Lateral Buckling Resistance in SABKHA
A lateral force that required resisting lateral buckling can be calculated as per the Appendix provided at the end while the allowable lateral bend angle can be also calculated in a similar way of the allowable over bend angle as explained above with the difference being using the lateral soil resistance. However, in most of the cases, the change in direction will be exceeding any allowable lateral bend angle, and hence the lateral berm reinforcement at the change of direction shall be provided based on the study done by K. TERZAGHI in Theoretical Soil Mechanics.
Extra Soil Cover/Berm Reinforcement Material
In case of upheaval buckling analysis proves that an extra soil cover is being required at any location on the pipeline route and also if berm reinforcement is required to resist lateral buckling, gatch material shall be used with the required stabilization and proper slope (1:2) so that it shall not be blown away by wind effect across pipeline design life. Gatch material shall be the same as the approved for pipeline berm stabilization.
Guidelines and Recommendations
- Suitable notes shall be included in the alignment sheets and the applicable drawings to take care of the maximum allowable over bend angle, during construction. The alignment sheets also shall indicate the minimum elastic bend radius.
- The buried pipelines shall be laid in such a way that the profile of the pipeline is smooth and without steep direction change. To achieve this cutting and filling or such other suitable methods shall be done during pipeline construction.
- For a given design parameter, there are two primary options to control the upheaval buckling. The first one is to ensure that the change of angle is within the calculated maximum allowable overbend angle limit for the given soil cover. The second one is to increase the soil resistance to increase the allowable overbend angle. To increase the soil resistance, the most direct method is to increase the soil cover
- If the profile is such that the angle exceeds this limit when routing the pipeline, then suitable grading shall be done to keep the change of angle within limits or alternatively, the allowable angle can be increased by increasing soil cover
- Based on upheaval buckling calculations, the maximum allowable over bend angle per 12 m pipe length shall be defined while pipeline corridor profile grading shall be carried out to keep the change of angle within such allowable over bend angle limits.
- The calculations for normal terrain section in sandy areas shall be carried out for a total effective height of 1.9 meters (1 m is the normal depth of cover and 0.9 m soil cover in lieu of total berm height of 1.0 meter).
- In addition to the requirement in item 9.4 above during corridor grading, the construction team shall survey the top of pipe elevations immediately after lowering at intervals of 100 meters and 10 meters intervals at a change of directions for a reasonable distance both sides. This top of the pipe shall survey shall be carried out for the full entire pipeline in sections before backfilling and shall be completed for the full pipeline length and submitted to the stress engineer for upheaval buckling verification after laying.

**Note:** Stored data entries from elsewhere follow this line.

text \<open>The induction starts at \<open>n = 2\<close>: for \<open>n = 1\<close> the truncated index \<open>n - 2\<close> in
  \<open>rhs_prefactor\<close> makes it meaningless.\<close>
lemma summand_2: "summand q a 2 = rhs_prefactor q a 2 * summand_over_prefactor q a (q^(4*2))"
proof -
  have n: "1-q*q \<noteq> 0" "1-q \<noteq> 0" "1-q^4 \<noteq> 0" "a-q^4 \<noteq> 0" "1-a*q^4 \<noteq> 0"
    using one_minus_q_power_nonzero[of 2] one_minus_q_power_nonzero[of 1] one_minus_q_power_nonzero[of 4]
      a_minus_q_power_nonzero[of 4] one_minus_a_q_power_nonzero[of 4]
    by (auto simp: power2_eq_square)
  have base: "summand q a 1 * rhs_prefactor_ratio q a (q^4) = rhs_prefactor q a 2 * summand_over_prefactor q a (q^4)"
    unfolding summand_1 rhs_prefactor_2 rhs_prefactor_ratio_def summand_over_prefactor_def times_divide_times_eq
    apply (subst frac_eq_eq)
    using n q_nonzero a_nonzero apply simp
    using n q_nonzero a_nonzero apply simp
    apply algebra
    done
  have ratio_nonzero: "rhs_prefactor_ratio q a (q^4) \<noteq> 0"
  proof -
    have "q*q - q^4 = q^2*(1-q^2)" "a*q*q - q^4 = q^2*(a-q^2)" "q*q - a*q^4 = q^2*(1-a*q^2)"
      by (simp_all add: algebra_simps power2_eq_square power_numeral_reduce)
    then show ?thesis unfolding rhs_prefactor_ratio_def
      using q_nonzero one_minus_q_power_nonzero[of 2] a_minus_q_power_nonzero[of 2]
        one_minus_a_q_power_nonzero[of 2] q_power_4n_factors_nonzero[of 1]
      by simp
  qed
  have "summand q a 2 * rhs_prefactor_ratio q a (q^4)
      = summand q a 1 * rhs_prefactor_ratio q a (q^4) * summand_ratio q a (q^4)"
    using summand_Suc[of 1] by (simp add: numeral_2_eq_2 mult_ac)
  also have "\<dots> = rhs_prefactor q a 2 * (summand_over_prefactor q a (q^4) * summand_ratio q a (q^4))"
    unfolding base by (simp add: mult_ac)
  also have "\<dots> = rhs_prefactor q a 2 * summand_over_prefactor q a (q^(4*2)) * rhs_prefactor_ratio q a (q^4)"
    using summand_over_prefactor_Suc[of 1] by (simp add: mult_ac)
  finally show ?thesis using ratio_nonzero by simp
qed
lemma matpow_subinvariant:
  assumes "\<And>u w. u \<in> V \<Longrightarrow> w \<in> V \<Longrightarrow> B u w \<ge> 0" "r \<ge> 0"
    and sub: "\<And>u. u \<in> V \<Longrightarrow> r * z u \<le> (\<Sum>w\<in>V. B u w * z w)"
    and "finite V" "v \<in> V"
  shows "r ^ k * z v \<le> (\<Sum>w\<in>V. matpow V B k v w * z w)"
proof (induction k)
  case 0
  have "(\<Sum>w\<in>V. matpow V B 0 v w * z w) = (\<Sum>w\<in>V. if v = w then z w else 0)"
    by (rule sum.cong) auto
  then show ?case using assms(4,5) by simp
next
  case (Suc k)
  have "r ^ Suc k * z v \<le> r * (\<Sum>u\<in>V. matpow V B k v u * z u)"
    using mult_left_mono[OF Suc assms(2)] by (simp add: mult.assoc)
  also have "\<dots> = (\<Sum>u\<in>V. matpow V B k v u * (r * z u))"
    by (simp add: sum_distrib_left algebra_simps)
  also have "\<dots> \<le> (\<Sum>u\<in>V. matpow V B k v u * (\<Sum>w\<in>V. B u w * z w))"
    by (intro sum_mono mult_left_mono sub matpow_nonneg assms(1))
  also have "\<dots> = (\<Sum>u\<in>V. \<Sum>w\<in>V. matpow V B k v u * B u w * z w)"
    by (simp add: sum_distrib_left mult.assoc)
  also have "\<dots> = (\<Sum>w\<in>V. matpow V B (Suc k) v w * z w)"
    by (subst sum.swap) (simp add: sum_distrib_right)
  finally show ?case .
qed

text \<open>Collatz--Wielandt bound. If r exceeded the spectral radius, the powers of B would grow like
  r^k along the support of z while being bounded by s^k for some s < r.\<close>

lemma spectral_radius_ge_subinvariant:
  assumes fin: "finite V" and v0: "v0 \<in> V" "z v0 > 0"
    and B: "\<And>v w. v \<in> V \<Longrightarrow> w \<in> V \<Longrightarrow> B v w \<ge> 0"
    and z: "\<And>v. v \<in> V \<Longrightarrow> z v \<ge> 0"
    and sub: "\<And>v. v \<in> V \<Longrightarrow> r * z v \<le> (\<Sum>w\<in>V. B v w * z w)"
  shows "r \<le> Defs.spectral_radius V B"
proof (rule ccontr)
  assume "\<not> r \<le> Defs.spectral_radius V B"
  moreover obtain \<mu> where "Defs.spectral_radius V B = cmod \<mu>"
    using spectral_radius_attained[OF fin] v0 by blast
  ultimately obtain s where s: "0 < s" "Defs.spectral_radius V B < s" "s < r"
    by (metis dense norm_ge_zero le_less_trans not_le)
  obtain c where c: "\<And>k w. w \<in> V \<Longrightarrow> \<bar>matpow V B k v0 w\<bar> \<le> c * s ^ k"
    using matpow_growth_bound[OF fin s(1,2)] v0(1) by metis
  define Z where "Z = (\<Sum>w\<in>V. z w)"
  have "r ^ k * z v0 \<le> c * Z * s ^ k" for k
  proof -
    have "r ^ k * z v0 \<le> (\<Sum>w\<in>V. matpow V B k v0 w * z w)"
      using matpow_subinvariant[OF B _ sub fin v0(1)] s by simp
    also have "\<dots> \<le> (\<Sum>w\<in>V. c * s ^ k * z w)"
      using c z by (intro sum_mono mult_right_mono) (auto dest: abs_le_D1)
    finally show ?thesis by (simp add: Z_def sum_distrib_left mult_ac)
  qed
  then have bounded: "(r / s) ^ k * z v0 \<le> c * Z" for k
    using s(1) by (simp add: power_divide field_simps)
  obtain k where "c * Z / z v0 < (r / s) ^ k"
    using real_arch_pow[of "r / s"] s by auto
  then have "c * Z < (r / s) ^ k * z v0" using v0(2) by (simp add: divide_less_eq)
  with bounded[of k] show False by linarith
qed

- Along with this document, the construction shall refer to relevant documents regarding stress analysis and the maximum allowed angle for field bends.
- If two or more pipelines are laid in the same trench or are in the same corridor with the same grading, the maximum allowable overbend angle shall be the lowest of all the individual maximum overbend angles.
- During the construction, the contractor shall give special attention to rough sections of the route identified in the alignment sheets and shall grade such rough sections suitably in line with the calculation results. This will make sure that during final buckling checks additional cover if required shall be minimum.
As per the past experience, upheaval buckling would be expected at locations with less vertical resistance to axial compressive force in the pipeline sections such as straight sections between nearby road crossings, vertical/ horizontal overbend angles higher than allowed buckling angles, interface between sabkha and non- sabkha areas, at both sides of road crossings, etc.